__WHAT YOU ARE ASKED TO DO__
Range to reproduce from the entries below: the line with "by (simp add: sone_def)", the line with "x (vmul a b) \<in>", and every line in between. Give them exactly and give nothing else.

__MATERIAL FOR THIS TASK__
::::::::
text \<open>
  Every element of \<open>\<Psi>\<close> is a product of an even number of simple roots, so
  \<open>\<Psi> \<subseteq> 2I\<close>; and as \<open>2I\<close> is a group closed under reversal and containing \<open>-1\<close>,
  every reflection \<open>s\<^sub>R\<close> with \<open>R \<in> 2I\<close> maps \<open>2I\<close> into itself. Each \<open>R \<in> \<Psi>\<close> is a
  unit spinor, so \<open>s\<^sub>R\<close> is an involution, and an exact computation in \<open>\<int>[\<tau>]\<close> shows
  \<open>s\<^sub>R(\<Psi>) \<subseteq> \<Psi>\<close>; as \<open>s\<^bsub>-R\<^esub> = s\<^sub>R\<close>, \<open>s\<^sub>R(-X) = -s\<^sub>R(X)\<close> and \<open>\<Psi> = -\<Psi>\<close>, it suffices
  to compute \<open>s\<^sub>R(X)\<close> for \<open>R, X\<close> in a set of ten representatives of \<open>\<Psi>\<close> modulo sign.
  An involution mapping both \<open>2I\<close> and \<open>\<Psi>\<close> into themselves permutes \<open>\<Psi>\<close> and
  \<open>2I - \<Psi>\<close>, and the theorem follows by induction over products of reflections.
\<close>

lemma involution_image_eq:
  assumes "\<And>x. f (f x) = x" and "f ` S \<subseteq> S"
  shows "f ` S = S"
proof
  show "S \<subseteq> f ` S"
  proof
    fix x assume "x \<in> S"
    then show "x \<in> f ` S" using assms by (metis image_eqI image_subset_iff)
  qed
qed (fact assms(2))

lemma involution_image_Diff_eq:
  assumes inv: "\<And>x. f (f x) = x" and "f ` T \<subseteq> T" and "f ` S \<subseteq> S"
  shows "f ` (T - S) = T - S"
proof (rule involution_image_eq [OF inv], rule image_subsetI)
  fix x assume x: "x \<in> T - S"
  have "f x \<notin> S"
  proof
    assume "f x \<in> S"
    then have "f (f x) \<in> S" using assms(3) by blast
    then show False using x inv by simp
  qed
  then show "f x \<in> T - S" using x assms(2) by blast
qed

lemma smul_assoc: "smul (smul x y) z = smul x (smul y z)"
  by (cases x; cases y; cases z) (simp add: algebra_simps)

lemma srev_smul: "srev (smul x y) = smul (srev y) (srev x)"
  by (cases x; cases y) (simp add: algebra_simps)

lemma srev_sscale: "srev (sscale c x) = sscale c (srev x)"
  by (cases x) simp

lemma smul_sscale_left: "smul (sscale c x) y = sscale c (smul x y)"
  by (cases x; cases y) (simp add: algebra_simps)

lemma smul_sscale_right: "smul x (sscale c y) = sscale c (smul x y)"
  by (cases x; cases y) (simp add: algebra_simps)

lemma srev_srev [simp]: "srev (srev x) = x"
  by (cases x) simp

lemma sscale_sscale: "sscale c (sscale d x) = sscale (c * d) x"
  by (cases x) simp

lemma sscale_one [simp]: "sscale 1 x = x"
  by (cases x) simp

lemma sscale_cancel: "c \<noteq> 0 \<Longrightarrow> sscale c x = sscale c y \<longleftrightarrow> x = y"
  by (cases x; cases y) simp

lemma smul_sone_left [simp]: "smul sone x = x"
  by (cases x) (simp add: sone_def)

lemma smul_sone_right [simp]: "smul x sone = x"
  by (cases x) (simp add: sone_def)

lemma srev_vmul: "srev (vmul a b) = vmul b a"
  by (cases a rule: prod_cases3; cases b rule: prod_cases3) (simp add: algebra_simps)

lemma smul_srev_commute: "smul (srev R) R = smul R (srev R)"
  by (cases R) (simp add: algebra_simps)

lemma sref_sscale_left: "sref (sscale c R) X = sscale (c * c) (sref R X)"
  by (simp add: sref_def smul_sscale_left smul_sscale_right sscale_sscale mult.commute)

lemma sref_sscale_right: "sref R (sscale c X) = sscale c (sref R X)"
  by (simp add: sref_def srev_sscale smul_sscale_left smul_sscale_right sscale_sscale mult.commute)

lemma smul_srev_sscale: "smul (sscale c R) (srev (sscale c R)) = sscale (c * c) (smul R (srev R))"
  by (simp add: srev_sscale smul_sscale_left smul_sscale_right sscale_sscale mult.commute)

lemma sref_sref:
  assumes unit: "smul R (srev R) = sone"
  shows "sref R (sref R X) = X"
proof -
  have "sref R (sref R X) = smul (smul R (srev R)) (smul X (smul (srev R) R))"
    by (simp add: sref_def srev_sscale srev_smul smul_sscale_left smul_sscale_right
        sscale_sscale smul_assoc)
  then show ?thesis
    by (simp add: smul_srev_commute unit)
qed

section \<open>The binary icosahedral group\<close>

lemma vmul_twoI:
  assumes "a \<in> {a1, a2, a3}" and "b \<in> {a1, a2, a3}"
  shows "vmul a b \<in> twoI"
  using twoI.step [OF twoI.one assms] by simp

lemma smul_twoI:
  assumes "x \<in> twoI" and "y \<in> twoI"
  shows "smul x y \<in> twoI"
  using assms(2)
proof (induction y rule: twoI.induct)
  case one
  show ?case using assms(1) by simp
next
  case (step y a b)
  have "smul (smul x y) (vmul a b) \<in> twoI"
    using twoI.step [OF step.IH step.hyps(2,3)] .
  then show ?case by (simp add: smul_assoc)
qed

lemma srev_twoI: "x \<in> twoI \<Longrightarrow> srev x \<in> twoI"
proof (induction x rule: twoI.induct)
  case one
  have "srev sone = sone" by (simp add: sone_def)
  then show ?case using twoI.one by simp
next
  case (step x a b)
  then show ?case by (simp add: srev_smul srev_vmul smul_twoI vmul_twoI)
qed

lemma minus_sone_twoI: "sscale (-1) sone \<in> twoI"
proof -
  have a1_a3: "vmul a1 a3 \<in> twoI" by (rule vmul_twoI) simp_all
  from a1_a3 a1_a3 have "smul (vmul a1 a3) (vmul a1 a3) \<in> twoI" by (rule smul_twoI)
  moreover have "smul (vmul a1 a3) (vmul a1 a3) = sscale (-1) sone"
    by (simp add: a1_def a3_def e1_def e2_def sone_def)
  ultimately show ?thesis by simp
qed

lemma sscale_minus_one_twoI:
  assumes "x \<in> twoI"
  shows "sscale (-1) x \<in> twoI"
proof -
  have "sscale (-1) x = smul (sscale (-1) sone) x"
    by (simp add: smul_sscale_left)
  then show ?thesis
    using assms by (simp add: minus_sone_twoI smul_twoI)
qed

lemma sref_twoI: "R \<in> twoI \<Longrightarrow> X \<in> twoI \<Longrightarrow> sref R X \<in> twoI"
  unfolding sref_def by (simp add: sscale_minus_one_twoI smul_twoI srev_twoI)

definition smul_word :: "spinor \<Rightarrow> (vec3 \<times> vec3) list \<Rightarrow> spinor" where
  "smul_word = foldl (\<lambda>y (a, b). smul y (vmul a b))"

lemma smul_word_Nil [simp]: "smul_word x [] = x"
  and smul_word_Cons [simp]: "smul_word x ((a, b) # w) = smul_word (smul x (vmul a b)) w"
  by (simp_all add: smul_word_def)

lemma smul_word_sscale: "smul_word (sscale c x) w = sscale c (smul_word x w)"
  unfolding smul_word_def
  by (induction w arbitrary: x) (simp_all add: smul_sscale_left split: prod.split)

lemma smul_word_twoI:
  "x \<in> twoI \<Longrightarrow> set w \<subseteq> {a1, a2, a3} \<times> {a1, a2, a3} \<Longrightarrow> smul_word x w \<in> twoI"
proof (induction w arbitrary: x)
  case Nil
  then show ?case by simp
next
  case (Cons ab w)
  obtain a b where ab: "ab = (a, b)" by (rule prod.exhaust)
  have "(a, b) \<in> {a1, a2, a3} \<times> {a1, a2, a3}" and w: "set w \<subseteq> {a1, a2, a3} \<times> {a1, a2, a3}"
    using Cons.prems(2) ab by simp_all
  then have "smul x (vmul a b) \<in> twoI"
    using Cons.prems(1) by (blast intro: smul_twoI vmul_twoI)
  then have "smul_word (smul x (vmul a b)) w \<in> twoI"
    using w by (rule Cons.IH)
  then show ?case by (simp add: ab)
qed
::::::::
__TASK SOLUTION__
  have "srev sone = sone" by (simp add: sone_def)
  then show ?case using twoI.one by simp
next
  case (step x a b)
  then show ?case by (simp add: srev_smul srev_vmul smul_twoI vmul_twoI)
qed

lemma minus_sone_twoI: "sscale (-1) sone \<in> twoI"
proof -
  have a1_a3: "vmul a1 a3 \<in> twoI" by (rule vmul_twoI) simp_all
  from a1_a3 a1_a3 have "smul (vmul a1 a3) (vmul a1 a3) \<in> twoI" by (rule smul_twoI)
  moreover have "smul (vmul a1 a3) (vmul a1 a3) = sscale (-1) sone"
    by (simp add: a1_def a3_def e1_def e2_def sone_def)
  ultimately show ?thesis by simp
qed

lemma sscale_minus_one_twoI:
  assumes "x \<in> twoI"
  shows "sscale (-1) x \<in> twoI"
proof -
  have "sscale (-1) x = smul (sscale (-1) sone) x"
    by (simp add: smul_sscale_left)
  then show ?thesis
    using assms by (simp add: minus_sone_twoI smul_twoI)
qed

lemma sref_twoI: "R \<in> twoI \<Longrightarrow> X \<in> twoI \<Longrightarrow> sref R X \<in> twoI"
  unfolding sref_def by (simp add: sscale_minus_one_twoI smul_twoI srev_twoI)

definition smul_word :: "spinor \<Rightarrow> (vec3 \<times> vec3) list \<Rightarrow> spinor" where
  "smul_word = foldl (\<lambda>y (a, b). smul y (vmul a b))"

lemma smul_word_Nil [simp]: "smul_word x [] = x"
  and smul_word_Cons [simp]: "smul_word x ((a, b) # w) = smul_word (smul x (vmul a b)) w"
  by (simp_all add: smul_word_def)

lemma smul_word_sscale: "smul_word (sscale c x) w = sscale c (smul_word x w)"
  unfolding smul_word_def
  by (induction w arbitrary: x) (simp_all add: smul_sscale_left split: prod.split)

lemma smul_word_twoI:
  "x \<in> twoI \<Longrightarrow> set w \<subseteq> {a1, a2, a3} \<times> {a1, a2, a3} \<Longrightarrow> smul_word x w \<in> twoI"
proof (induction w arbitrary: x)
  case Nil
  then show ?case by simp
next
  case (Cons ab w)
  obtain a b where ab: "ab = (a, b)" by (rule prod.exhaust)
  have "(a, b) \<in> {a1, a2, a3} \<times> {a1, a2, a3}" and w: "set w \<subseteq> {a1, a2, a3} \<times> {a1, a2, a3}"
    using Cons.prems(2) ab by simp_all
  then have "smul x (vmul a b) \<in> twoI"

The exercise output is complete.